Contributi all’Arta, Mazzocca capovolge le accuse
PESCARA. «La mancata approvazione del bilancio dell'Arta (agenzia regionale per l’ambiente) è stata determinata dalla ritardata adozione della variazione di bilancio della stessa agenzia. Ciò non ha...
PESCARA. «La mancata approvazione del bilancio dell'Arta (agenzia regionale per l’ambiente) è stata determinata dalla ritardata adozione della variazione di bilancio della stessa agenzia. Ciò non ha finora consentito agli uffici regionali di procedere con la liquidazione del contributo assegnato ad Arta per l'anno 2016». Lo afferma, in una nota, il sottosegretario della Regione Mario Mazzocca, in replica alle accuse sul disimpegno della Regione.

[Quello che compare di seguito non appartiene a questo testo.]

lemma same_margins_ex_exchange:
  assumes "keys a \<subseteq> {1..2*n}" "keys b \<subseteq> {1..2*n}" "a \<noteq> b"
    and top: "top_row_sum n a = top_row_sum n b"
    and columns: "\<forall>k\<in>{1..n}. column_sum n a k = column_sum n b k"
  obtains i j where "i \<in> {1..n}" "j \<in> {1..n}"
    "lookup b i < lookup a i" "lookup b (n+j) < lookup a (n+j)"
    "lookup a j < lookup b j" "lookup a (n+i) < lookup b (n+i)"
proof -
  have "\<exists>k\<in>{1..n}. lookup b k \<noteq> lookup a k"
  proof (rule ccontr)
    assume "\<not> ?thesis"
    then have top_eq: "lookup a k = lookup b k" if "k \<in> {1..n}" for k
      using that by auto
    have "lookup a c = lookup b c" for c
    proof -
      consider "c \<in> {1..n}" | "c - n \<in> {1..n}" "c = n + (c - n)" | "c \<notin> {1..2*n}" by fastforce
      then show ?thesis
      proof cases
        case 2
        then show ?thesis using top_eq[of "c - n"] columns by (metis column_sum_def add_left_cancel)
      next
        case 3
        then show ?thesis using assms(1,2) by (metis in_mono not_in_keys_iff_lookup_eq_zero)
      qed (rule top_eq)
    qed
    then show False using assms(3) by (metis poly_mapping_eqI)
  qed
  then obtain k where k: "k \<in> {1..n}" "lookup b k \<noteq> lookup a k" by blast
  have top': "sum (lookup b) {1..n} = sum (lookup a) {1..n}"
    using top by (simp add: top_row_sum_def)
  obtain i where i: "i \<in> {1..n}" "lookup b i < lookup a i"
    using sum_eq_imp_ex_less[OF _ top' k] by auto
  obtain j where j: "j \<in> {1..n}" "lookup a j < lookup b j"
    using sum_eq_imp_ex_less[OF _ top'[symmetric] k(1)] k(2) by auto
  have "column_sum n a i = column_sum n b i" "column_sum n a j = column_sum n b j"
    using columns i(1) j(1) by auto
  with i j show thesis
    unfolding column_sum_def by (intro that[of i j]) auto
qed

definition cross :: "nat \<Rightarrow> nat \<Rightarrow> nat \<Rightarrow> mon" where
  "cross n i j = ev i + ev (n+j)"

lemma lookup_cross: "lookup (cross n i j) c = (if c = i then 1 else 0) + (if c = n+j then 1 else 0)"
  by (auto simp: cross_def lookup_add lookup_ev)

lemma keys_cross_subset: "i \<in> {1..n} \<Longrightarrow> j \<in> {1..n} \<Longrightarrow> keys (cross n i j) \<subseteq> {1..2*n}"
  unfolding cross_def using keys_add[of "ev i" "ev (n+j)"] by (auto simp: keys_ev)

lemma cross_swap_neq: "i \<in> {1..n} \<Longrightarrow> j \<in> {1..n} \<Longrightarrow> i \<noteq> j \<Longrightarrow> cross n i j \<noteq> cross n j i"
proof
  assume "i \<in> {1..n}" "j \<in> {1..n}" "i \<noteq> j" "cross n i j = cross n j i"
  then have "lookup (cross n i j) i = lookup (cross n j i) i" by simp
  with \<open>i \<in> {1..n}\<close> \<open>j \<in> {1..n}\<close> \<open>i \<noteq> j\<close> show False by (simp add: lookup_cross)
qed

lemma scode_top_eq: "k \<in> {1..n} \<Longrightarrow> scode n k = ev 1 + scode n (n+k)"
  unfolding scode_def by (auto simp: add.assoc)

lemma toric_exp_cross_swap:
  assumes "i \<in> {1..n}" "j \<in> {1..n}"
  shows "toric_exp n (cross n i j) = toric_exp n (cross n j i)"
proof -
  have "toric_exp n (cross n i j) = ev 1 + scode n (n+i) + scode n (n+j)"
    using assms by (simp add: cross_def toric_exp_add toric_exp_ev scode_top_eq)
  moreover have "toric_exp n (cross n j i) = ev 1 + scode n (n+j) + scode n (n+i)"
    using assms by (simp add: cross_def toric_exp_add toric_exp_ev scode_top_eq)
  ultimately show ?thesis by (simp add: ac_simps)
qed

lemma minor_eq_binomial:
  "var i * var (n+j) - var j * var (n+i) = single (cross n i j) 1 - single (cross n j i) 1"
  by (simp add: var_def cross_def mult_single)

lemma keys_diff_mon_subset: "keys (a - b :: mon) \<subseteq> keys a"
  by (auto simp: in_keys_iff lookup_minus)

lemma toric_fiber_least_exchange:
  assumes mo: "monomial_order {1..2*n} le"
    and a: "keys a \<subseteq> {1..2*n}" and b: "keys b \<subseteq> {1..2*n}"
    and "a \<noteq> b" and fiber: "toric_exp n a = toric_exp n b"
    and least: "\<And>c. keys c \<subseteq> {1..2*n} \<Longrightarrow> toric_exp n c = toric_exp n b \<Longrightarrow> le b c"
  shows "\<exists>i\<in>{1..n}. \<exists>j\<in>{1..n}. i \<noteq> j \<and> le (cross n j i) (cross n i j) \<and> mon_dvd (cross n i j) a"
proof -
  obtain i j where ij: "i \<in> {1..n}" "j \<in> {1..n}"
    and a_big: "lookup b i < lookup a i" "lookup b (n+j) < lookup a (n+j)"
    and b_big: "lookup a j < lookup b j" "lookup a (n+i) < lookup b (n+i)"
    using same_margins_ex_exchange[OF a b \<open>a \<noteq> b\<close> toric_exp_fiber_margins[OF fiber]] .
  have "i \<noteq> j" using a_big(1) b_big(1) by auto
  note keys_P = keys_cross_subset[OF ij(1,2)] and keys_Q = keys_cross_subset[OF ij(2,1)]
  have "a = cross n i j + (a - cross n i j)"
    using a_big ij by (intro poly_mapping_eqI) (auto simp: lookup_add lookup_minus lookup_cross)
  then have P_dvd_a: "mon_dvd (cross n i j) a" unfolding mon_dvd_def by blast
  have b_split: "b = cross n j i + (b - cross n j i)"
    using b_big ij by (intro poly_mapping_eqI) (auto simp: lookup_add lookup_minus lookup_cross)
  have "le (cross n j i) (cross n i j)"
  proof (rule ccontr)
    assume "\<not> le (cross n j i) (cross n i j)"
    then have PQ: "le (cross n i j) (cross n j i)"
      using monomial_order_total[OF mo keys_P keys_Q] by blast
    define b' where "b' = cross n i j + (b - cross n j i)"
    have keys_rest: "keys (b - cross n j i) \<subseteq> {1..2*n}"
      using keys_diff_mon_subset[of b] b by (rule order_trans)
    have keys_b': "keys b' \<subseteq> {1..2*n}"
      unfolding b'_def using keys_add[of "cross n i j"] keys_P keys_rest by blast
    have "le b' b"
      using monomial_order_add_right[OF mo keys_P keys_Q keys_rest PQ]
      unfolding b'_def b_split[symmetric] .
    moreover have "toric_exp n b' = toric_exp n b"
      unfolding b'_def by (subst (2) b_split) (simp add: toric_exp_add toric_exp_cross_swap[OF ij])
    then have "le b b'" using least keys_b' by blast
    ultimately have "b' = b" using monomial_order_antisym[OF mo keys_b' b] by blast
    then have "cross n i j = cross n j i" unfolding b'_def by (subst (asm) (2) b_split) simp
    then show False using cross_swap_neq ij \<open>i \<noteq> j\<close> by blast
  qed
  then show ?thesis using ij \<open>i \<noteq> j\<close> P_dvd_a by blast
qed
(* The sub-set-operad of $\mathrm{RWS}$ generated by $A_\prec$ and $A_\succ$ consists exactly of the recursively labelled red and white trees in which every node has exactly one label (no empty nodes and no node with two or more labels).
   Context: Red and white trees: $\mathrm{RW}(n)$ is the set of finite rooted trees (children unordered) whose nodes $z$ carry possibly empty label sets $L(z)\subseteq[n]$ partitioning $[n]$, each empty node having at least two children; labelled nodes are white, an empty node is red iff all its children are white. Composition $T_1\circ_xT_2$ ($T_1\in\mathrm{RW}(m)$, $T_2\in\mathrm{RW}(n)$): relabel $T_1$ by $y\mapsto y+n-1$ for $y>x$ and $T_2$ by $y\mapsto y+x-1$; $z\ni x$ in $T_1$, $r$ = root of $T_2$. (W) $r$ not red: remove $x$ from $L(z)$, add $L(r)$ to $L(z)$, children of $r$ become children of $z$. (R1) $r$ red, $T_1$ the single node $\{x\}$: result $T_2$. (R2) $r$ red and ($z$ has a child or $|L(z)|\ge2$): remove $x$ from $L(z)$, attach $T_2$ as child subtree of $z$. (R3) $r$ red, $z$ non-root leaf with $L(z)=\{x\}$: delete $z$, children of $r$ become children of the parent of $z$. Colours recomputed. A tree is recursively labelled if for each node the union of label sets in its subtree is an interval of integers. $\mathrm{RWS}$ is the sub-set-operad generated by $A_\mu$ (single node $\{1,2\}$), $A_\prec$ (root $\{1\}$ with child $\{2\}$), $A_\succ$ (root $\{2\}$ with child $\{1\}$), $A_\odot$ (empty red root with children $\{1\},\{2\}$). *)

theory Defs
  imports "HOL-Library.Multiset"
begin

datatype rt = Node "nat set" "rt multiset"

primrec lab :: "rt \<Rightarrow> nat set" where
  "lab (Node L cs) = L"

primrec kids :: "rt \<Rightarrow> rt multiset" where
  "kids (Node L cs) = cs"

primrec subtrees :: "rt \<Rightarrow> rt multiset" where
  "subtrees (Node L cs) = {#Node L cs#} + sum_mset (image_mset subtrees cs)"

definition labsets :: "rt \<Rightarrow> nat set multiset" where
  "labsets t = image_mset lab (subtrees t)"

primrec alllabs :: "rt \<Rightarrow> nat set" where
  "alllabs (Node L cs) = L \<union> \<Union> (set_mset (image_mset alllabs cs))"

text \<open>Colour: labelled nodes are white; an empty node is red iff all its
children are white (i.e. not red).\<close>
primrec red :: "rt \<Rightarrow> bool" where
  "red (Node L cs) = (L = {} \<and> (\<forall>b\<in>#image_mset red cs. \<not> b))"

definition RW :: "nat \<Rightarrow> rt set" where
  "RW n = {t. (\<forall>A\<in>#labsets t. \<forall>B\<in>#labsets t - {#A#}. A \<inter> B = {})
             \<and> \<Union> (set_mset (labsets t)) = {1..n}
             \<and> (\<forall>s\<in>#subtrees t. lab s = {} \<longrightarrow> size (kids s) \<ge> 2)}"

primrec relabel :: "(nat \<Rightarrow> nat) \<Rightarrow> rt \<Rightarrow> rt" where
  "relabel f (Node L cs) = Node (f ` L) (image_mset (relabel f) cs)"

text \<open>Grafting T at the node containing x (after relabelling):
cases (W), (R2) at the node z containing x, and (R3) handled at the parent of z.\<close>
primrec graft :: "nat \<Rightarrow> rt \<Rightarrow> rt \<Rightarrow> rt" where
  "graft x T (Node L cs) =
     (if x \<in> L then
        (if red T then Node (L - {x}) (cs + {#T#})
         else Node ((L - {x}) \<union> lab T) (cs + kids T))
      else Node L (sum_mset (image_mset
              (\<lambda>(c, g). if c = Node {x} {#} \<and> red T then kids T else {#g#})
              (image_mset (\<lambda>c. (c, graft x T c)) cs))))"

«Per quanto riguarda la quantificazione del contributo annuale all'Arta», viene precisato poi nella stessa nota, «oltre all'aspetto delle politiche di bilancio, vanno tenuti in debito conto altri elementi, anche in considerazione del fatto che le attività dell'Agenzia vanno, per legge, preventivamente concertate con l'ente Regione».
In via preliminare, Mazzoccza evidenzia che il contributo che la Regione eroga ogni anno all’Arta, guidata da Mario Amicone, si compone di due voci: una quota del Fondo sanitario regionale destinata al finanziamento dei controlli ambientali; un contributo annuale per lo svolgimento delle attività ordinarie determinato con legge di bilancio.

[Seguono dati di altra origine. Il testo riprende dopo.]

lemma incsubspace_Jsp: "incsubspace (Jsp i)"
  unfolding Jsp_def by (rule incsubspace_support_restricted)

lemma incsubspace_ideal: "is_ideal S \<Longrightarrow> incsubspace S"
  by (simp add: is_ideal_def incsubspace_def)

lemma incalg_diff: "f \<in> incalg \<Longrightarrow> g \<in> incalg \<Longrightarrow> f - g \<in> incalg"
  by (auto simp: incalg_def)

lemma incalg_incmul: "incmul f g \<in> incalg"
proof -
  have "incmul f g a b = 0" if "\<not> a \<le> b" for a b
  proof -
    have "{t. a \<le> t \<and> t \<le> b} = {}" using that order_trans by blast
    then show ?thesis by (simp only: incmul_def sum.empty)
  qed
  then show ?thesis by (simp add: incalg_def)
qed

lemma incalg_lie_bracket: "lie_bracket f g \<in> incalg"
  unfolding lie_bracket_def by (intro incalg_diff incalg_incmul)

lemma ebas_in_incalg: "(a::'x::{finite,order}) \<le> b \<Longrightarrow> (ebas a b :: 'x \<Rightarrow> 'x \<Rightarrow> 'k::field) \<in> incalg"
  by (auto simp: incalg_def ebas_def)

lemma incmul_ebas_left:
  fixes f :: "'x::{finite,order} \<Rightarrow> 'x \<Rightarrow> 'k::field"
  assumes "a \<le> b" "f \<in> incalg"
  shows "incmul (ebas a b) f = (\<lambda>c d. if c = a then f b d else 0)"
proof (intro ext)
  fix c d
  have "incmul (ebas a b) f c d = (\<Sum>t\<in>{t. c \<le> t \<and> t \<le> d}. if c = a \<and> t = b then f b d else 0)"
    unfolding incmul_def ebas_def by (intro sum.cong) auto
  also have "\<dots> = (if c = a then f b d else 0)"
    using assms by (auto simp: incalg_def)
  finally show "incmul (ebas a b) f c d = (if c = a then f b d else 0)" .
qed
lemma Phi_has_real_derivative: "(Phi has_real_derivative std_normal_density t) (at t)"
proof -
  let ?F = "\<lambda>x. Phi (t - 1) + integral {t - 1..x} std_normal_density"
  have "((\<lambda>x. integral {t - 1..x} std_normal_density) has_real_derivative std_normal_density t)
      (at t within {t - 1..t + 1})"
    by (rule integral_has_real_derivative[OF continuous_on_std_normal_density]) auto
  then have F: "(?F has_real_derivative std_normal_density t) (at t)"
    using at_within_interior[of t "{t - 1..t + 1}"] by (auto intro!: derivative_eq_intros)
  have F_eq: "?F x = Phi x" if "x \<in> {t - 1<..}" for x
    using Phi_diff_eq_integral[of "t - 1" x] that by simp
  show ?thesis
    by (rule has_field_derivative_transform_within_open[OF F _ _ F_eq, where S = "{t - 1<..}"]) simp_all
qed

lemma continuous_on_Phi [continuous_intros]:
  assumes "continuous_on S f"
  shows "continuous_on S (\<lambda>x. Phi (f x))"
proof -
  have "continuous_on UNIV Phi"
    using Phi_has_real_derivative by (intro continuous_at_imp_continuous_on ballI DERIV_isCont)
  then show ?thesis
    using assms by (rule continuous_on_compose2) auto
qed

lemma std_normal_density_mono_nonpos:
  assumes "x \<le> y" "y \<le> 0"
  shows "std_normal_density x \<le> std_normal_density y"
proof -
  have "(- y)\<^sup>2 \<le> (- x)\<^sup>2"
    using assms by (intro power_mono) auto
  then have "exp (- x\<^sup>2 / 2) \<le> exp (- y\<^sup>2 / 2)"
    by simp
  then show ?thesis
    unfolding std_normal_density_def by (intro mult_left_mono) auto
qed

lemma convex_on_Phi_nonpos: "convex_on {..0} Phi"
  by (rule convex_on_realI[OF _ Phi_has_real_derivative]) (auto intro: std_normal_density_mono_nonpos)

lemma Phi_tendsto_at_bot: "(Phi \<longlongrightarrow> 0) at_bot"
proof -
  interpret real_distribution "density lborel std_normal_density"
    by (rule real_distribution_std_normal)
  show ?thesis
    using cdf_lim_at_bot by (simp add: Phi_eq_cdf)
qed

lemma (in prob_space) prob_le_eq_Phi:
  assumes "distributed M lborel Z std_normal_density"
  shows "prob {\<omega>\<in>space M. Z \<omega> \<le> r} = Phi r"
proof -
  have Z: "Z \<in> measurable M lborel"
    using assms by (simp add: distributed_def)
  have "prob {\<omega>\<in>space M. Z \<omega> \<le> r} = prob (Z -` {..r} \<inter> space M)"
    by (rule arg_cong[where f = prob]) auto
  also have "\<dots> = measure (distr M lborel Z) {..r}"
    by (rule measure_distr[symmetric, OF Z]) simp
  finally show ?thesis
    using distributed_distr_eq_density[OF assms] by (simp add: Phi_def)
qed

lemma indep_vars_PiM_components:
  assumes M: "\<And>i. i \<in> I \<Longrightarrow> prob_space (M i)" and "I \<noteq> {}"
  shows "prob_space.indep_vars (PiM I M) M (\<lambda>i \<omega>. \<omega> i) I"
proof -
  interpret prob_space "PiM I M"
    using M by (rule prob_space_PiM)
  have "distr (PiM I M) (PiM I M) (\<lambda>\<omega>. \<lambda>i\<in>I. \<omega> i) = distr (PiM I M) (PiM I M) (\<lambda>\<omega>. \<omega>)"
    by (rule distr_cong) (auto simp: space_PiM)
  also have "\<dots> = PiM I M"
    by simp
  also have "\<dots> = PiM I (\<lambda>i. distr (PiM I M) (M i) (\<lambda>\<omega>. \<omega> i))"
    by (rule PiM_cong) (simp_all add: distr_PiM_component M)
  finally show ?thesis
    using \<open>I \<noteq> {}\<close> by (subst indep_vars_iff_distr_eq_PiM') simp_all
qed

«L'importo complessivo dei due trasferimenti è di 13.246.000 euro con una differenza, rispetto alla precedente annualità, di 750mila euro in meno, pari al 5% dell'ammontare complessivo di risorse trasferite», spiega il Sottosegretario sottolineando come negli anni precedenti al 2015, il contributo non abbia mai superato 1.200.000 euro.
Il 19 aprile scorso l’Arta si era lamentata della mancata erogazione del contributo 2016 per quanto riguarda la quota di competenza del settore ambiente, pari a 750mila euro. Mazzocca in questo caso precisa che la liquidazione non è stata effettuata in quanto il bilancio di previsione dell'Arta è stato trasmesso in ritardo e la Regione non l’ha potuto inserire nel suo bilancio di previsione.

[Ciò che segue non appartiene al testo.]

lemma kernel_corr_at_E_pos:
  assumes "p \<in> E"
  shows "0 < signal_inner M N kappa_signal (weighted_gam p)"
proof -
  obtain m0 where m0: "m0 \<in> {1..M}" "mic m0 = p" using assms unfolding E_def EM_def by auto
  define P where "P = (\<Prod>q\<in>E - {p}. norm (p - q)) / (4 * pi)"
  have "0 < P" unfolding P_def using finite_E by (intro divide_pos_pos prod_pos) auto
  have summand: "kappa_signal m n * weighted_gam p m n = (if mic m = p then (\<kappa> (real n / fs))\<^sup>2 * P else 0)" for m n
    unfolding weighted_gam_at_E[OF assms] kappa_signal_def P_def by (simp add: power2_eq_square)
  have "0 < (\<kappa> 0)\<^sup>2 * P" using \<kappa>_0_pos \<open>0 < P\<close> by simp
  also have "\<dots> \<le> (\<Sum>n\<in>{0..<N}. kappa_signal m0 n * weighted_gam p m0 n)"
    using member_le_sum[of 0 "{0..<N}" "\<lambda>n. kappa_signal m0 n * weighted_gam p m0 n"] N_ge_1
    unfolding summand using m0 \<open>0 < P\<close> by simp
  also have "\<dots> \<le> signal_inner M N kappa_signal (weighted_gam p)"
    unfolding signal_inner_def summand using m0 \<open>0 < P\<close>
    by (intro member_le_sum sum_nonneg) auto
  finally show ?thesis .
qed

lemma kernel_corr_weight_lower_bound:
  obtains q l where "0 < q" and "0 \<le> l"
    and "\<And>r. r \<in> D \<Longrightarrow> q \<le> signal_inner M N kappa_signal (weighted_gam r) + l * weight r"
proof (rule compact_lower_bound_add_multiple[OF compact_D])
  show "continuous_on D (\<lambda>r. signal_inner M N kappa_signal (weighted_gam r))"
    unfolding signal_inner_def by (intro continuous_intros continuous_on_weighted_gam)
  show "0 < signal_inner M N kappa_signal (weighted_gam r) \<or> 0 < weight r" for r
    using kernel_corr_at_E_pos weight_pos by blast
qed (use weight_nonneg continuous_on_weight in auto)
definition std_poly :: "real^'n^'m \<Rightarrow> real^'m \<Rightarrow> (real^'n) set" where
  "std_poly A b = {x. (\<forall>i. 0 \<le> x $ i) \<and> A *v x = b}"

definition basic_solution :: "real^'n^'m \<Rightarrow> real^'m \<Rightarrow> 'n set \<Rightarrow> real^'n" where
  "basic_solution A b B = (THE x. A *v x = b \<and> (\<forall>j. j \<notin> B \<longrightarrow> x $ j = 0))"

definition is_basis :: "real^'n^'m \<Rightarrow> real^'m \<Rightarrow> 'n set \<Rightarrow> bool" where
  "is_basis A b B \<longleftrightarrow> card B = CARD('m) \<and> inj_on (\<lambda>j. column j A) B
     \<and> independent ((\<lambda>j. column j A) ` B)
     \<and> (\<forall>i. 0 \<le> basic_solution A b B $ i)"

text \<open>The ray r^j (j nonbasic): r_j = 1, r_k = 0 for other nonbasic k, and the basic
  components are - abar_{kj}, i.e. exactly those making A r = 0.\<close>

definition basis_ray :: "real^'n^'m \<Rightarrow> 'n set \<Rightarrow> 'n \<Rightarrow> real^'n" where
  "basis_ray A B j = (THE r. A *v r = 0 \<and> r $ j = 1 \<and> (\<forall>k. k \<notin> B \<and> k \<noteq> j \<longrightarrow> r $ k = 0))"

definition basis_relax :: "real^'n^'m \<Rightarrow> real^'m \<Rightarrow> 'n set \<Rightarrow> (real^'n) set" where
  "basis_relax A b B = {x. A *v x = b \<and> (\<forall>j. j \<notin> B \<longrightarrow> 0 \<le> x $ j)}"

«Inoltre, il contributo di funzionamento dell'Arta è stato quantificato in 750mila euro e, dato che tale previsione è decisamente inferiore allo stanziamento previsto in bilancio dall'Agenzia, è stato comunicato che entro 30 giorni fossero adottati i necessari provvedimenti di variazione, pena commissariamento. Nonostante la disposizione di legge e specifiche comunicazioni», conclude il Sottosegretario, «l'Arta ha provveduto alla necessaria variazione di bilancio solo pochi giorni fa».